● What needs to be done: The required result is each line of the entries below containing the string "within".

● Records excerpted from a collection:
•••

text \<open>The tournament procedure (ATOMS) on a set S of model indices.
  piv S is the pivot chosen from S, and A i j is the index output by the
  pairwise comparison subroutine on the pair (model i, model j), i being the pivot.
  The first argument is fuel; with fuel at least card S the fuel is never exhausted
  (each round removes the pivot), so atoms (card S) piv A S is the procedure.\<close>

fun atoms :: "nat \<Rightarrow> (nat set \<Rightarrow> nat) \<Rightarrow> (nat \<Rightarrow> nat \<Rightarrow> nat) \<Rightarrow> nat set \<Rightarrow> nat" where
  "atoms 0 piv A S = piv S"
| "atoms (Suc n) piv A S =
     (if card S = 1 then the_elem S
      else (let f = piv S; S' = {g \<in> S - {f}. A f g = g}
            in if S' = {} then f else atoms n piv A S'))"

end

theory Submission
  imports Defs
begin

text \<open>Suppose every comparison is U-accurate and let b be a best model. The tournament keeps the
  invariant "b is still a candidate, or every candidate is within 2U of L b": if b is eliminated
  in a round with pivot p, then p beat b, so L p \<le> L b + U, and every survivor of the round beat p,
  so it is within U of L p. Hence the output is within 2U of the optimum. Accuracy of all
  \<Lambda>^2 ordered pairs fails with probability at most \<Lambda>^2 \<delta> by a union bound.\<close>

definition survivors :: "(nat \<Rightarrow> nat \<Rightarrow> nat) \<Rightarrow> nat \<Rightarrow> nat set \<Rightarrow> nat set" where
  "survivors A p S = {x \<in> S - {p}. A p x = x}"
lemma CORE_iff:
  assumes k: "0 < k" and P: "profile m P"
  shows "CORE m k P W \<longleftrightarrow> \<not> violates k P (core_witness m W)"
proof -
  have n: "0 < length P"
    using P by (auto simp: profile_def)
  have quota: "real (card W') / real k \<le> real (card N) / real (length P) \<longleftrightarrow>
      real (card W') * real (length P) / real k \<le> real (card N)" for W' N
    using k n by (simp add: field_simps)
  have "\<not> CORE m k P W \<longleftrightarrow> violates k P (core_witness m W)"
  proof
    assume "\<not> CORE m k P W"
    then obtain N W' where N: "N \<subseteq> voters P" "N \<noteq> {}" and W': "W' \<subseteq> alts m"
      and large: "real (card W') * real (length P) / real k \<le> real (card N)"
      and improves: "\<forall>j\<in>N. card (P ! j \<inter> W) < card (P ! j \<inter> W')"
      unfolding CORE_def quota by (auto simp: not_le)
    from N(2) improves obtain j where "0 < card (P ! j \<inter> W')"
      by fastforce
    then have "0 < card W'"
      using W' by (meson card_gt_0_if_Int_card_gt_0 finite_alts finite_subset)
    with N W' large improves show "violates k P (core_witness m W)"
      unfolding violates_def core_witness_def by blast
  next
    assume "violates k P (core_witness m W)"
    then obtain N W' where N: "N \<subseteq> voters P" and W': "W' \<subseteq> alts m" "0 < card W'"
      and large: "real (card W') * real (length P) / real k \<le> real (card N)"
      and improves: "\<forall>j\<in>N. card (P ! j \<inter> W) < card (P ! j \<inter> W')"
      unfolding violates_def core_witness_def by auto
    have "N \<noteq> {}"
      using large_group_nonempty[OF k P W'(2) large] .
    show "\<not> CORE m k P W"
    proof
      assume "CORE m k P W"
      then obtain j where "j \<in> N" "card (P ! j \<inter> W') \<le> card (P ! j \<inter> W)"
        using N W' large \<open>N \<noteq> {}\<close> unfolding CORE_def quota by blast
      with improves show False
        by fastforce
    qed
  qed
  then show ?thesis by blast
qed
text \<open>The conversion of Bun and Steinke from \<open>\<rho>\<close>-zero-concentrated differential privacy to
  \<open>(\<epsilon>, \<delta>)\<close>-differential privacy: Markov's inequality for \<open>exp (l L)\<close> with the optimal
  \<open>l = sqrt (ln (1 / \<delta>) / \<rho>)\<close>.\<close>
lemma zcdp_privacy_loss_tail:
  fixes L :: "'a \<Rightarrow> real"
  assumes [measurable]: "L \<in> borel_measurable N"
    and \<rho>: "\<rho> > 0" and \<delta>: "0 < \<delta>" "\<delta> < 1"
    and zcdp: "\<And>l. l \<ge> 0 \<Longrightarrow> (\<integral>\<^sup>+x. ennreal (exp ((1 + l) * L x)) \<partial>N) \<le> ennreal (exp (l * (1 + l) * \<rho>))"
  defines "\<epsilon> \<equiv> \<rho> + 2 * sqrt (\<rho> * ln (1 / \<delta>))"
  shows "(\<integral>\<^sup>+x. indicator {x. L x > \<epsilon>} x * ennreal (exp (L x)) \<partial>N) \<le> ennreal \<delta>"
proof -
  define l where "l = sqrt (ln (1 / \<delta>) / \<rho>)"
  have ln: "ln (1 / \<delta>) > 0" using \<delta> by (intro ln_gt_zero) (simp add: field_simps)
  then have l: "l \<ge> 0" using \<rho> by (simp add: l_def)
  have exponent: "- l * \<epsilon> + l * (1 + l) * \<rho> = ln \<delta>"
  proof -
    have "l * l * \<rho> = ln (1 / \<delta>)" using \<rho> ln by (simp add: l_def)
    moreover have "l * sqrt (\<rho> * ln (1 / \<delta>)) = ln (1 / \<delta>)"
      using \<rho> ln by (simp add: l_def real_sqrt_mult[symmetric])
    ultimately show ?thesis using \<delta> by (simp add: \<epsilon>_def algebra_simps ln_div)
  qed
  have "(\<integral>\<^sup>+x. indicator {x. L x > \<epsilon>} x * ennreal (exp (L x)) \<partial>N)
      \<le> (\<integral>\<^sup>+x. ennreal (exp (- l * \<epsilon>)) * ennreal (exp ((1 + l) * L x)) \<partial>N)"
  proof (intro nn_integral_mono)
    fix x
    show "indicator {x. L x > \<epsilon>} x * ennreal (exp (L x))
        \<le> ennreal (exp (- l * \<epsilon>)) * ennreal (exp ((1 + l) * L x))"
    proof (cases "L x > \<epsilon>")
      case True
      then have "l * \<epsilon> \<le> l * L x" using l by (intro mult_left_mono) auto
      then have "exp (L x) \<le> exp (- l * \<epsilon>) * exp ((1 + l) * L x)"
        by (simp add: exp_add[symmetric] algebra_simps)
      then show ?thesis using True by (simp add: ennreal_mult[symmetric] ennreal_leI)
    qed simp
  qed
  also have "\<dots> = ennreal (exp (- l * \<epsilon>)) * (\<integral>\<^sup>+x. ennreal (exp ((1 + l) * L x)) \<partial>N)"
    by (rule nn_integral_cmult) measurable
  also have "\<dots> \<le> ennreal (exp (- l * \<epsilon>)) * ennreal (exp (l * (1 + l) * \<rho>))"
    using zcdp[OF l] by (rule mult_left_mono) simp
  also have "\<dots> = ennreal \<delta>"
  proof -
    have "exp (- l * \<epsilon>) * exp (l * (1 + l) * \<rho>) = \<delta>"
      unfolding exp_add[symmetric] exponent using \<delta> by simp
    then show ?thesis by (simp only: ennreal_mult[symmetric] exp_ge_zero)
  qed
  finally show ?thesis .
qed

lemma emeasure_le_of_likelihood_ratio:
  assumes Y1 [measurable]: "Y1 \<in> N \<rightarrow>\<^sub>M M" and Y2 [measurable]: "Y2 \<in> N \<rightarrow>\<^sub>M M"
    and [measurable]: "L \<in> borel_measurable N" "S \<in> sets M"
    and change: "(\<integral>\<^sup>+x. indicator S (Y1 x) \<partial>N) = (\<integral>\<^sup>+x. indicator S (Y2 x) * ennreal (exp (L x)) \<partial>N)"
    and tail: "(\<integral>\<^sup>+x. indicator {x. L x > \<epsilon>} x * ennreal (exp (L x)) \<partial>N) \<le> ennreal \<delta>"
  shows "emeasure N {x \<in> space N. Y1 x \<in> S} \<le> ennreal (exp \<epsilon>) * emeasure N {x \<in> space N. Y2 x \<in> S} + ennreal \<delta>"
proof -
  have preimage: "emeasure N {x \<in> space N. Y x \<in> S} = (\<integral>\<^sup>+x. indicator S (Y x) \<partial>N)"
    if [measurable]: "Y \<in> N \<rightarrow>\<^sub>M M" for Y
  proof -
    have "emeasure N {x \<in> space N. Y x \<in> S} = (\<integral>\<^sup>+x. indicator {x \<in> space N. Y x \<in> S} x \<partial>N)"
      by (intro nn_integral_indicator[symmetric]) measurable
    also have "\<dots> = (\<integral>\<^sup>+x. indicator S (Y x) \<partial>N)"
      by (intro nn_integral_cong) (auto split: split_indicator)
    finally show ?thesis .
  qed
  have "emeasure N {x \<in> space N. Y1 x \<in> S} = (\<integral>\<^sup>+x. indicator S (Y2 x) * ennreal (exp (L x)) \<partial>N)"
    unfolding preimage[OF Y1] change ..
  also have "\<dots> \<le> (\<integral>\<^sup>+x. ennreal (exp \<epsilon>) * indicator S (Y2 x) + indicator {x. L x > \<epsilon>} x * ennreal (exp (L x)) \<partial>N)"
    by (intro nn_integral_mono) (auto split: split_indicator intro!: ennreal_leI)
  also have "\<dots> = ennreal (exp \<epsilon>) * (\<integral>\<^sup>+x. indicator S (Y2 x) \<partial>N)
      + (\<integral>\<^sup>+x. indicator {x. L x > \<epsilon>} x * ennreal (exp (L x)) \<partial>N)"
    by (subst nn_integral_add) (auto simp: nn_integral_cmult)
  also have "\<dots> \<le> ennreal (exp \<epsilon>) * emeasure N {x \<in> space N. Y2 x \<in> S} + ennreal \<delta>"
    unfolding preimage[OF Y2] using tail by (rule add_left_mono)
  finally show ?thesis .
qed
(* Let $a\in(-\infty,1)$ and $\omega\in\mathbb D_a$. Then for every $x>0$, $$\frac{\eta_a}{\pi}\le r(\omega)\le\min\left\{\frac{2(x+1)}{\pi x}(1-\omega(x))^{1/2},\ \frac2\pi\right\}.$$
   Context: Let $\rho(x)=(1+|x|)^{-1/2}$ and $\eta_a=\frac{1}{2^{9/2}(4+|a|)^3}$. $\mathbb D_a$ is the set of continuous even functions $\omega$ on $\mathbb R$ with $\|\rho\omega\|_{L^\infty}<\infty$ such that $\omega(0)=1$; $(1-x^2)_+\le\omega(x)\le1$ for all $x$; $\omega$ is non-increasing on $[0,\infty)$; $s\mapsto\omega(\sqrt s)$ is convex on $[0,\infty)$; and the left derivative satisfies $\omega'_-(1/2)\le-\eta_a$. $r(\omega)=\frac1\pi\int_0^\infty\frac{\omega(0)-\omega(y)}{y^2}\,dy$. *)

theory Defs
  imports "HOL-Analysis.Analysis"
begin

definition rho :: "real \<Rightarrow> real" where
  "rho x = 1 / sqrt (1 + \<bar>x\<bar>)"

definition eta :: "real \<Rightarrow> real" where
  "eta a = 1 / (2 powr (9/2) * (4 + \<bar>a\<bar>) ^ 3)"

definition has_left_deriv :: "(real \<Rightarrow> real) \<Rightarrow> real \<Rightarrow> real \<Rightarrow> bool" where
  "has_left_deriv w d t \<longleftrightarrow> ((\<lambda>h. (w (t + h) - w t) / h) \<longlongrightarrow> d) (at_left 0)"

definition DD :: "real \<Rightarrow> (real \<Rightarrow> real) set" where
  "DD a = {w. continuous_on UNIV w
      \<and> (\<forall>x. w (-x) = w x)
      \<and> bounded (range (\<lambda>x. rho x * w x))
      \<and> w 0 = 1
      \<and> (\<forall>x. max 0 (1 - x^2) \<le> w x \<and> w x \<le> 1)
      \<and> (\<forall>x y. 0 \<le> x \<longrightarrow> x \<le> y \<longrightarrow> w y \<le> w x)
      \<and> convex_on {0..} (\<lambda>s. w (sqrt s))
      \<and> (\<exists>d. has_left_deriv w d (1/2) \<and> d \<le> - eta a)}"

definition r_fun :: "(real \<Rightarrow> real) \<Rightarrow> real" where
  "r_fun w = (1 / pi) * integral {0<..} (\<lambda>y. (w 0 - w y) / y^2)"

end

theory Submission
  imports Defs
begin

text \<open>
  Write the integrand of \<open>r\<close> as \<open>q(y) = (1 - \<omega>(y))/y\<^sup>2\<close>. Convexity of \<open>s \<mapsto> \<omega>(\<surd>s)\<close>
  says exactly that \<open>q\<close> is a chord slope from the origin, hence non-increasing on \<open>(0,\<infinity>)\<close>;
  monotonicity of \<open>\<omega>\<close> gives \<open>q(y) \<le> (1 - \<omega>(x))/y\<^sup>2\<close> for \<open>y \<le> x\<close>. So on each side of a point
  \<open>q\<close> is squeezed by functions of the form \<open>min A (B/y\<^sup>2)\<close>, whose integral over \<open>(0,\<infinity>)\<close>
  is \<open>2\<surd>(AB)\<close>. Comparing with the point \<open>x\<close> gives the upper bound, \<open>(1-y\<^sup>2)\<^sub>+ \<le> \<omega>\<close> gives
  \<open>2/\<pi>\<close>, and comparing with \<open>1/2\<close> gives \<open>r \<ge> 4(1 - \<omega>(1/2))/\<pi>\<close>; finally the same slope
  monotonicity bounds the left derivative: \<open>\<omega>'\<^sub>-(1/2) \<ge> -4(1 - \<omega>(1/2))\<close>.
\<close>

lemma has_integral_min_inverse_square:
  fixes A B :: real
  assumes "A > 0" and "B > 0"
  shows "((\<lambda>y. min A (B / y^2)) has_integral 2 * sqrt (A * B)) {0<..}"
proof -
  define c where "c = sqrt (B / A)"
  have c: "c > 0" and c2: "c^2 = B / A"
    using assms by (simp_all add: c_def)
  have head: "((\<lambda>y. min A (B / y^2)) has_integral A * c) {0<..<c}"
  proof -
    have "((\<lambda>y. A) has_integral A * c) {0..c}"
      using has_integral_const_real[of A 0 c] c by (simp add: mult.commute)
    then have "((\<lambda>y. A) has_integral A * c) {0<..<c}"
      using has_integral_Icc_iff_Ioo by blast
    moreover have "min A (B / y^2) = A" if "y \<in> {0<..<c}" for y
    proof -
      have "y^2 \<le> c^2" using that by (intro power_mono) auto
      then show ?thesis using that assms c2 by (simp add: field_simps)
    qed
    ultimately show ?thesis using has_integral_cong by (metis (no_types, lifting))
  qed
  have tail: "((\<lambda>y. min A (B / y^2)) has_integral B / c) {c..}"
  proof -
    have "((\<lambda>y. B * (1 / y^2)) has_integral B * (1 / c)) {c..}"
      using has_integral_inverse_power_to_inf[of 2 c] c by (intro has_integral_mult_right) simp
    moreover have "min A (B / y^2) = B * (1 / y^2)" if "y \<in> {c..}" for y
    proof -
      have "c^2 \<le> y^2" using that c by (intro power_mono) auto
      then show ?thesis using that assms c c2 by (simp add: field_simps)
    qed
    ultimately show ?thesis using has_integral_cong by (metis (no_types, lifting) times_divide_eq_right mult_1_right)
  qed
  have "((\<lambda>y. min A (B / y^2)) has_integral A * c + B / c) ({0<..<c} \<union> {c..})"
  proof (rule has_integral_Un[OF head tail])
    have "{0<..<c} \<inter> {c..} = {}" by auto
    then show "negligible ({0<..<c} \<inter> {c..})" by simp
  qed
  moreover have "{0<..<c} \<union> {c..} = {0<..}" using c by auto
  moreover have "A * c = sqrt (A * B)" and "B / c = sqrt (A * B)"
    using assms by (simp_all add: c_def real_sqrt_divide real_sqrt_mult field_simps)
  ultimately show ?thesis by simp
qed

lemma has_integral_min_inverse_square_nonneg:
  fixes A B :: real
  assumes "A \<ge> 0" and "B \<ge> 0"
  shows "((\<lambda>y. min A (B / y^2)) has_integral 2 * sqrt (A * B)) {0<..}"
proof (cases "A = 0 \<or> B = 0")
  case True
  then have "(\<lambda>y. min A (B / y^2)) = (\<lambda>y. 0)" using assms by fastforce
  then show ?thesis using True by auto
qed (use assms has_integral_min_inverse_square in auto)

definition r_integrand :: "(real \<Rightarrow> real) \<Rightarrow> real \<Rightarrow> real" where
  "r_integrand w y = (w 0 - w y) / y^2"

lemma r_fun_eq_integral_r_integrand: "r_fun w = integral {0<..} (r_integrand w) / pi"
  unfolding r_fun_def r_integrand_def by simp

lemma DD_D:
  assumes "w \<in> DD a"
  shows "continuous_on UNIV w"
    and "\<And>y. max 0 (1 - y^2) \<le> w y" and "\<And>y. w y \<le> 1" and "w 0 = 1"
    and "\<And>y z. 0 \<le> y \<Longrightarrow> y \<le> z \<Longrightarrow> w z \<le> w y"
    and "convex_on {0..} (\<lambda>s. w (sqrt s))"
    and "\<exists>d. has_left_deriv w d (1/2) \<and> d \<le> - eta a"
  using assms unfolding DD_def by auto

lemma r_integrand_antimono:
  assumes "convex_on {0..} (\<lambda>s. w (sqrt s))" and "0 < y" and "y \<le> z"
  shows "r_integrand w z \<le> r_integrand w y"
proof (cases "y = z")
  case False
  have z: "0 < z" using assms(2,3) by linarith
  have "y^2 < z^2" using assms False by (simp add: power_strict_mono)
  then have "(w (sqrt 0) - w (sqrt (y^2))) / (0 - y^2) \<le> (w (sqrt 0) - w (sqrt (z^2))) / (0 - z^2)"
    using assms(2) by (intro convex_on_slope_le(1)[OF assms(1)]) auto
  then show ?thesis
    using assms(2) z by (simp add: r_integrand_def abs_of_pos)
qed simp

lemma r_integrand_bounds:
  assumes "\<And>y. max 0 (1 - y^2) \<le> w y" and "\<And>y. w y \<le> 1" and "w 0 = 1" and "y > 0"
  shows "0 \<le> r_integrand w y" and "r_integrand w y \<le> min 1 (1 / y^2)"
  using assms(1,2)[of y] assms(3,4) by (auto simp: r_integrand_def field_simps)

lemma r_integrand_integrable:
  assumes "continuous_on UNIV w"
    and "\<And>y. max 0 (1 - y^2) \<le> w y" and "\<And>y. w y \<le> 1" and "w 0 = 1"
  shows "r_integrand w integrable_on {0<..}"
proof (rule measurable_bounded_by_integrable_imp_integrable_real)
  have "continuous_on {0<..} (r_integrand w)"
    unfolding r_integrand_def
    by (intro continuous_intros continuous_on_subset[OF assms(1)]) auto
  then show "r_integrand w \<in> borel_measurable (lebesgue_on {0<..})"
    by (rule continuous_imp_measurable_on_sets_lebesgue) simp
  show "(\<lambda>y::real. min 1 (1 / y^2)) integrable_on {0<..}"
    using has_integral_integrable[OF has_integral_min_inverse_square[of 1 1]] by simp
  show "\<bar>r_integrand w y\<bar> \<le> min 1 (1 / y^2)" if "y \<in> {0<..}" for y
    using r_integrand_bounds[OF assms(2-4)] that by auto
qed simp

lemma left_deriv_ge_of_convex_sqrt:
  assumes cvx: "convex_on {0..} (\<lambda>s. w (sqrt s))"
    and deriv: "has_left_deriv w d t" and "t > 0"
  shows "- 2 * (w 0 - w t) / t \<le> d"
proof -
  define c where "c = (w 0 - w t) / t^2"
  have "eventually (\<lambda>h. h \<in> {- t<..<0}) (at_left (0::real))"
    by (rule eventually_at_left_real) (use \<open>t > 0\<close> in simp)
  then have "eventually (\<lambda>h. - (2 * t + h) * c \<le> (w (t + h) - w t) / h) (at_left 0)"
  proof (rule eventually_mono)
    fix h assume h: "h \<in> {- t<..<0}"
    then have "r_integrand w t \<le> r_integrand w (t + h)"
      by (intro r_integrand_antimono[OF cvx]) auto
    then have "(t + h)^2 * c \<le> w 0 - w (t + h)"
      using h by (simp add: r_integrand_def c_def field_simps)
    then have "w (t + h) - w t \<le> - h * (2 * t + h) * c"
      using \<open>t > 0\<close> by (simp add: c_def field_simps power2_eq_square)
    then show "- (2 * t + h) * c \<le> (w (t + h) - w t) / h"
      using h by (simp add: field_simps)
  qed
  moreover have "((\<lambda>h. - (2 * t + h) * c) \<longlongrightarrow> - (2 * t + 0) * c) (at_left 0)"
    by (intro tendsto_intros)
  ultimately have "- (2 * t + 0) * c \<le> d"
    using deriv unfolding has_left_deriv_def by (intro tendsto_le[of "at_left 0"]) auto
  moreover have "- (2 * t + 0) * c = - 2 * (w 0 - w t) / t"
    using \<open>t > 0\<close> by (simp add: c_def power2_eq_square field_simps)
  ultimately show ?thesis by simp
qed

lemma r_fun_le_two_over_pi:
  assumes "w \<in> DD a"
  shows "r_fun w \<le> 2 / pi"
proof -
  have "integral {0<..} (r_integrand w) \<le> 2 * sqrt (1 * 1)"
    using r_integrand_integrable[OF DD_D(1-4)[OF assms]]
      r_integrand_bounds(2)[OF DD_D(2-4)[OF assms]]
    by (intro has_integral_le[OF _ has_integral_min_inverse_square[of 1 1]]) auto
  then show ?thesis by (simp add: r_fun_eq_integral_r_integrand divide_right_mono)
qed

lemma r_fun_le_sqrt:
  assumes "w \<in> DD a" and "x > 0"
  shows "r_fun w \<le> 2 * (x + 1) / (pi * x) * sqrt (1 - w x)"
proof -
  note w = DD_D[OF assms(1)]
  define \<delta> where "\<delta> = 1 - w x"
  have \<delta>: "0 \<le> \<delta>" using w(3)[of x] by (simp add: \<delta>_def)
  have "r_integrand w y \<le> min 1 (\<delta> / y^2) + min (\<delta> / x^2) (1 / y^2)" if "y > 0" for y
  proof (cases "y \<le> x")
    case True
    then have "r_integrand w y \<le> min 1 (\<delta> / y^2)"
      using w(5)[of y x] \<open>y > 0\<close> r_integrand_bounds(2)[OF w(2-4) \<open>y > 0\<close>]
      by (simp add: r_integrand_def \<delta>_def w(4) divide_right_mono)
    moreover have "0 \<le> min (\<delta> / x^2) (1 / y^2)" using \<delta> by simp
    ultimately show ?thesis by linarith
  next
    case False
    then have "r_integrand w y \<le> min (\<delta> / x^2) (1 / y^2)"
      using r_integrand_antimono[OF w(6) assms(2), of y] r_integrand_bounds(2)[OF w(2-4) \<open>y > 0\<close>]
      by (simp add: r_integrand_def \<delta>_def w(4))
    moreover have "0 \<le> min 1 (\<delta> / y^2)" using \<delta> by simp
    ultimately show ?thesis by linarith
  qed
  then have "integral {0<..} (r_integrand w) \<le> 2 * sqrt (1 * \<delta>) + 2 * sqrt (\<delta> / x^2 * 1)"
    using r_integrand_integrable[OF w(1-4)] \<delta>
    by (intro has_integral_le[OF _ has_integral_add[OF
          has_integral_min_inverse_square_nonneg has_integral_min_inverse_square_nonneg]]) auto
  also have "\<dots> = 2 * (x + 1) / x * sqrt \<delta>"
    using assms(2) by (simp add: real_sqrt_divide field_simps)
  finally have "r_fun w \<le> 2 * (x + 1) / x * sqrt \<delta> / pi"
    unfolding r_fun_eq_integral_r_integrand by (intro divide_right_mono) simp_all
  then show ?thesis by (simp add: \<delta>_def ac_simps)
qed

lemma r_fun_ge_secant:
  assumes "w \<in> DD a" and "t > 0"
  shows "2 * (1 - w t) / (pi * t) \<le> r_fun w"
proof -
  note w = DD_D[OF assms(1)]
  define c where "c = 1 - w t"
  have c: "0 \<le> c" using w(3)[of t] by (simp add: c_def)
  have "min (c / t^2) (c / y^2) \<le> r_integrand w y" if "y > 0" for y
  proof (cases "y \<le> t")
    case True
    then show ?thesis
      using r_integrand_antimono[OF w(6) that True] by (simp add: r_integrand_def c_def w(4))
  next
    case False
    then have "c / y^2 \<le> r_integrand w y"
      using w(5)[of t y] assms(2) by (simp add: r_integrand_def c_def w(4) divide_right_mono)
    then show ?thesis by simp
  qed
  then have "2 * sqrt (c / t^2 * c) \<le> integral {0<..} (r_integrand w)"
    using r_integrand_integrable[OF w(1-4)] c
    by (intro has_integral_le[OF has_integral_min_inverse_square_nonneg]) auto
  moreover have "2 * sqrt (c / t^2 * c) = 2 * c / t"
    using c assms(2) by (simp add: real_sqrt_divide real_sqrt_mult)
  ultimately have "2 * c / t / pi \<le> r_fun w"
    unfolding r_fun_eq_integral_r_integrand by (intro divide_right_mono) simp_all
  then show ?thesis by (simp add: c_def ac_simps)
qed

theorem mainTheorem7:
  fixes a x :: real and w :: "real \<Rightarrow> real"
  assumes "a < 1" and "w \<in> DD a" and "x > 0"
  shows "eta a / pi \<le> r_fun w \<and>
         r_fun w \<le> min (2 * (x + 1) / (pi * x) * sqrt (1 - w x)) (2 / pi)"
proof -
  obtain d where "has_left_deriv w d (1/2)" and "d \<le> - eta a"
    using DD_D(7)[OF assms(2)] by blast
  then have "eta a \<le> 4 * (1 - w (1/2))"
    using left_deriv_ge_of_convex_sqrt[OF DD_D(6)[OF assms(2)]] DD_D(4)[OF assms(2)] by fastforce
  then have "eta a / pi \<le> 2 * (1 - w (1/2)) / (pi * (1/2))"
    by (simp add: divide_right_mono)
  also have "\<dots> \<le> r_fun w"
    using r_fun_ge_secant[OF assms(2), of "1/2"] by simp
  finally show ?thesis
    using r_fun_le_sqrt[OF assms(2,3)] r_fun_le_two_over_pi[OF assms(2)] by simp
qed

end
(* Let $s_\beta$ be the base phi sum of digits function. Consider the alphabet $\{0,1,2,\dots\}\times\{c_0,c_1,c_2,c_3\}$, writing letters as pairs $(j,c)$, and the morphism $\gamma$ defined for all $j\ge0$ by $\gamma((j,c_0))=(j,c_0)(j,c_1)$, $\gamma((j,c_1))=(j,c_2)(j,c_3)$, $\gamma((j,c_2))=(j+2,c_0)(j+2,c_1)(j+2,c_2)$, $\gamma((j,c_3))=(j+1,c_3)(j+2,c_2)(j+1,c_3)$. Let $x_\gamma=\lim_n\gamma^n((0,c_0))$ be the fixed point of $\gamma$ with initial letter $(0,c_0)$, and let $\delta$ be the morphism from this alphabet to words over the nonnegative integers given by $\delta((j,c_0))=(j,\,j+1)$, $\delta((j,c_1))=(j+2)$, $\delta((j,c_2))=(j+2,\,j+3)$, $\delta((j,c_3))=(j+3,\,j+3)$. Then $\delta(x_\gamma)$ equals the sequence $(s_\beta(N))_{N\ge0}$.
   Context: Let $\varphi=(1+\sqrt5)/2$. Every natural number $N$ can be written uniquely (ignoring leading and trailing zeros) as a finite sum $N=\sum_{i=R}^{L}d_i\varphi^i$ with $i$ ranging over integers (possibly negative), digits $d_i\in\{0,1\}$, and no two consecutive digits $d_i,d_{i+1}$ both equal to $1$ (base phi expansion). The base phi sum of digits function $s_\beta(N)$ is the number of digits equal to $1$ in this expansion, with $s_\beta(0)=0$. The image of an infinite word under a morphism is the concatenation of the images of its letters. *)

theory Defs
  imports Complex_Main
begin

definition phi :: real where
  "phi = (1 + sqrt 5) / 2"

text \<open>A base phi expansion of N is described by the finite set S of integer
  positions i with digit d_i = 1; no two consecutive positions are both in S.\<close>
definition phi_expansion :: "nat \<Rightarrow> int set \<Rightarrow> bool" where
  "phi_expansion N S \<longleftrightarrow>
     finite S \<and> (\<forall>i\<in>S. i + 1 \<notin> S) \<and> real N = (\<Sum>i\<in>S. phi powi i)"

•••

● Response area:
  invariant "b is still a candidate, or every candidate is within 2U of L b": if b is eliminated
  so it is within U of L p. Hence the output is within 2U of the optimum. Accuracy of all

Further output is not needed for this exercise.